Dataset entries
(* An entry 0 would make the determinant of the block below-right of it \<le> 0. *)
lemma sl2_tiling_pos:
  assumes "sl2_tiling t" shows "t (a, b) > 0"
proof (rule ccontr)
  assume "\<not> t (a, b) > 0"
  then have "- (int (t (a, b - 1)) * int (t (a + 1, b))) = 1"
    using sl2_tilingD[OF assms, of a "b - 1"] by simp
  moreover have "int (t (a, b - 1)) * int (t (a + 1, b)) \<ge> 0" by simp
  ultimately show False by linarith
qed

(* In a block, the lower-right entry is determined by the other three, since the
   upper-left one is a positive factor. *)
lemma sl2_tiling_determined:
  assumes t1: "sl2_tiling t1" and t2: "sl2_tiling t2"
    and "t1 (u - 1, v) = t2 (u - 1, v)" "t1 (u, v + 1) = t2 (u, v + 1)"
    and "t1 (u - 1, v + 1) = t2 (u - 1, v + 1)"
  shows "t1 (u, v) = t2 (u, v)"
proof -
  have "int (t1 (u - 1, v + 1)) * int (t1 (u, v)) = int (t1 (u - 1, v + 1)) * int (t2 (u, v))"
    using sl2_tilingD[OF t1, of "u - 1" v] sl2_tilingD[OF t2, of "u - 1" v] assms(3-5)
    by (simp add: algebra_simps)
  then show ?thesis using sl2_tiling_pos[OF t1, of "u - 1" "v + 1"] by simp
qed

lemma sl2_tiling_rotate:
  assumes "sl2_tiling t" shows "sl2_tiling (\<lambda>p. t (- p))"
  unfolding sl2_tiling_def
proof (intro allI)
  fix a b :: int
  show "int (t (- (a, b + 1))) * int (t (- (a + 1, b))) - int (t (- (a, b))) * int (t (- (a + 1, b + 1))) = 1"
    using sl2_tilingD[OF assms, of "- (a + 1)" "- (b + 1)"] by (simp add: algebra_simps)
qed

lemma embedding_rotate:
  assumes "embedding w P" shows "embedding (\<lambda>i. w (1 - i)) (\<lambda>i. - P (- i))"
  unfolding embedding_def
proof
  fix i
  have "P (1 - i) = P (1 - i - 1) + step (w (1 - i))"
    using assms unfolding embedding_def by blast
  then show "- P (- i) = - P (- (i - 1)) + step (w (1 - i))" by simp
qed

context
  fixes w :: "int \<Rightarrow> letter" and P :: "int \<Rightarrow> int \<times> int"
  assumes emb: "embedding w P"
begin

lemma path_step: "P i = P (i - 1) + step (w i)"
  using emb unfolding embedding_def by blast

lemma path_fst_step: "fst (P i) = fst (P (i - 1)) + (if w i = X then 1 else 0)"
  using path_step[of i] by (cases "w i") (auto simp: step_def)

lemma path_snd_step: "snd (P i) = snd (P (i - 1)) + (if w i = Y then 1 else 0)"
  using path_step[of i] by (cases "w i") (auto simp: step_def)

lemma path_fst_unit_steps: "fst (P i) - fst (P (i - 1)) \<in> {0, 1}"
  using path_fst_step[of i] by simp

lemma path_snd_unit_steps: "snd (P i) - snd (P (i - 1)) \<in> {0, 1}"
  using path_snd_step[of i] by simp

lemma path_fst_mono: "i \<le> j \<Longrightarrow> fst (P i) \<le> fst (P j)"
  using unit_steps_mono[of "\<lambda>i. fst (P i)", OF path_fst_unit_steps] .

lemma path_snd_mono: "i \<le> j \<Longrightarrow> snd (P i) \<le> snd (P j)"
  using unit_steps_mono[of "\<lambda>i. snd (P i)", OF path_snd_unit_steps] .

lemma fst_basis_at_column_forward:
  "i \<le> j \<Longrightarrow> fst (P i) = fst (P j) \<Longrightarrow> fst (basis_at w i) = fst (basis_at w j)"
proof (induction j rule: int_ge_induct)
  case base then show ?case by simp
next
  case (step j)
  have "fst (P i) \<le> fst (P j)" "fst (P j) \<le> fst (P (j + 1))" using path_fst_mono step(1) by auto
  then have "fst (P j) = fst (P i)" "w (j + 1) = Y"
    using step(3) path_fst_step[of "j + 1"] by (auto split: if_splits)
  then show ?case using step basis_at_step[of w "j + 1"] by (cases "basis_at w j") auto
qed

lemma fst_basis_at_column:
  assumes "fst (P i) = fst (P j)" shows "fst (basis_at w i) = fst (basis_at w j)"
proof (cases "i \<le> j")
  case True
  then show ?thesis using fst_basis_at_column_forward assms by blast
next
  case False
  then show ?thesis using fst_basis_at_column_forward[of j i] assms by simp
qed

What to work on -> Each of the records should be written out precisely as given.

Response to this exercise ->
(* An entry 0 would make the determinant of the block below-right of it \<le> 0. *)
lemma sl2_tiling_pos:
  assumes "sl2_tiling t" shows "t (a, b) > 0"
proof (rule ccontr)
  assume "\<not> t (a, b) > 0"
  then have "- (int (t (a, b - 1)) * int (t (a + 1, b))) = 1"
    using sl2_tilingD[OF assms, of a "b - 1"] by simp
  moreover have "int (t (a, b - 1)) * int (t (a + 1, b)) \<ge> 0" by simp
  ultimately show False by linarith
qed

(* In a block, the lower-right entry is determined by the other three, since the
   upper-left one is a positive factor. *)
lemma sl2_tiling_determined:
  assumes t1: "sl2_tiling t1" and t2: "sl2_tiling t2"
    and "t1 (u - 1, v) = t2 (u - 1, v)" "t1 (u, v + 1) = t2 (u, v + 1)"
    and "t1 (u - 1, v + 1) = t2 (u - 1, v + 1)"
  shows "t1 (u, v) = t2 (u, v)"
proof -
  have "int (t1 (u - 1, v + 1)) * int (t1 (u, v)) = int (t1 (u - 1, v + 1)) * int (t2 (u, v))"
    using sl2_tilingD[OF t1, of "u - 1" v] sl2_tilingD[OF t2, of "u - 1" v] assms(3-5)
    by (simp add: algebra_simps)
  then show ?thesis using sl2_tiling_pos[OF t1, of "u - 1" "v + 1"] by simp
qed

lemma sl2_tiling_rotate:
  assumes "sl2_tiling t" shows "sl2_tiling (\<lambda>p. t (- p))"
  unfolding sl2_tiling_def
proof (intro allI)
  fix a b :: int
  show "int (t (- (a, b + 1))) * int (t (- (a + 1, b))) - int (t (- (a, b))) * int (t (- (a + 1, b + 1))) = 1"
    using sl2_tilingD[OF assms, of "- (a + 1)" "- (b + 1)"] by (simp add: algebra_simps)
qed

lemma embedding_rotate:
  assumes "embedding w P" shows "embedding (\<lambda>i. w (1 - i)) (\<lambda>i. - P (- i))"
  unfolding embedding_def
proof
  fix i
  have "P (1 - i) = P (1 - i - 1) + step (w (1 - i))"
    using assms unfolding embedding_def by blast
  then show "- P (- i) = - P (- (i - 1)) + step (w (1 - i))" by simp
qed

context
  fixes w :: "int \<Rightarrow> letter" and P :: "int \<Rightarrow> int \<times> int"
  assumes emb: "embedding w P"
begin

lemma path_step: "P i = P (i - 1) + step (w i)"
  using emb unfolding embedding_def by blast

lemma path_fst_step: "fst (P i) = fst (P (i - 1)) + (if w i = X then 1 else 0)"
  using path_step[of i] by (cases "w i") (auto simp: step_def)

lemma path_snd_step: "snd (P i) = snd (P (i - 1)) + (if w i = Y then 1 else 0)"
  using path_step[of i] by (cases "w i") (auto simp: step_def)

lemma path_fst_unit_steps: "fst (P i) - fst (P (i - 1)) \<in> {0, 1}"
  using path_fst_step[of i] by simp

lemma path_snd_unit_steps: "snd (P i) - snd (P (i - 1)) \<in> {0, 1}"
  using path_snd_step[of i] by simp

lemma path_fst_mono: "i \<le> j \<Longrightarrow> fst (P i) \<le> fst (P j)"
  using unit_steps_mono[of "\<lambda>i. fst (P i)", OF path_fst_unit_steps] .

lemma path_snd_mono: "i \<le> j \<Longrightarrow> snd (P i) \<le> snd (P j)"
  using unit_steps_mono[of "\<lambda>i. snd (P i)", OF path_snd_unit_steps] .

lemma fst_basis_at_column_forward:
  "i \<le> j \<Longrightarrow> fst (P i) = fst (P j) \<Longrightarrow> fst (basis_at w i) = fst (basis_at w j)"
proof (induction j rule: int_ge_induct)
  case base then show ?case by simp
next
  case (step j)
  have "fst (P i) \<le> fst (P j)" "fst (P j) \<le> fst (P (j + 1))" using path_fst_mono step(1) by auto
  then have "fst (P j) = fst (P i)" "w (j + 1) = Y"
    using step(3) path_fst_step[of "j + 1"] by (auto split: if_splits)
  then show ?case using step basis_at_step[of w "j + 1"] by (cases "basis_at w j") auto
qed

lemma fst_basis_at_column:
  assumes "fst (P i) = fst (P j)" shows "fst (basis_at w i) = fst (basis_at w j)"
proof (cases "i \<le> j")
  case True
  then show ?thesis using fst_basis_at_column_forward assms by blast
next
  case False
  then show ?thesis using fst_basis_at_column_forward[of j i] assms by simp
qed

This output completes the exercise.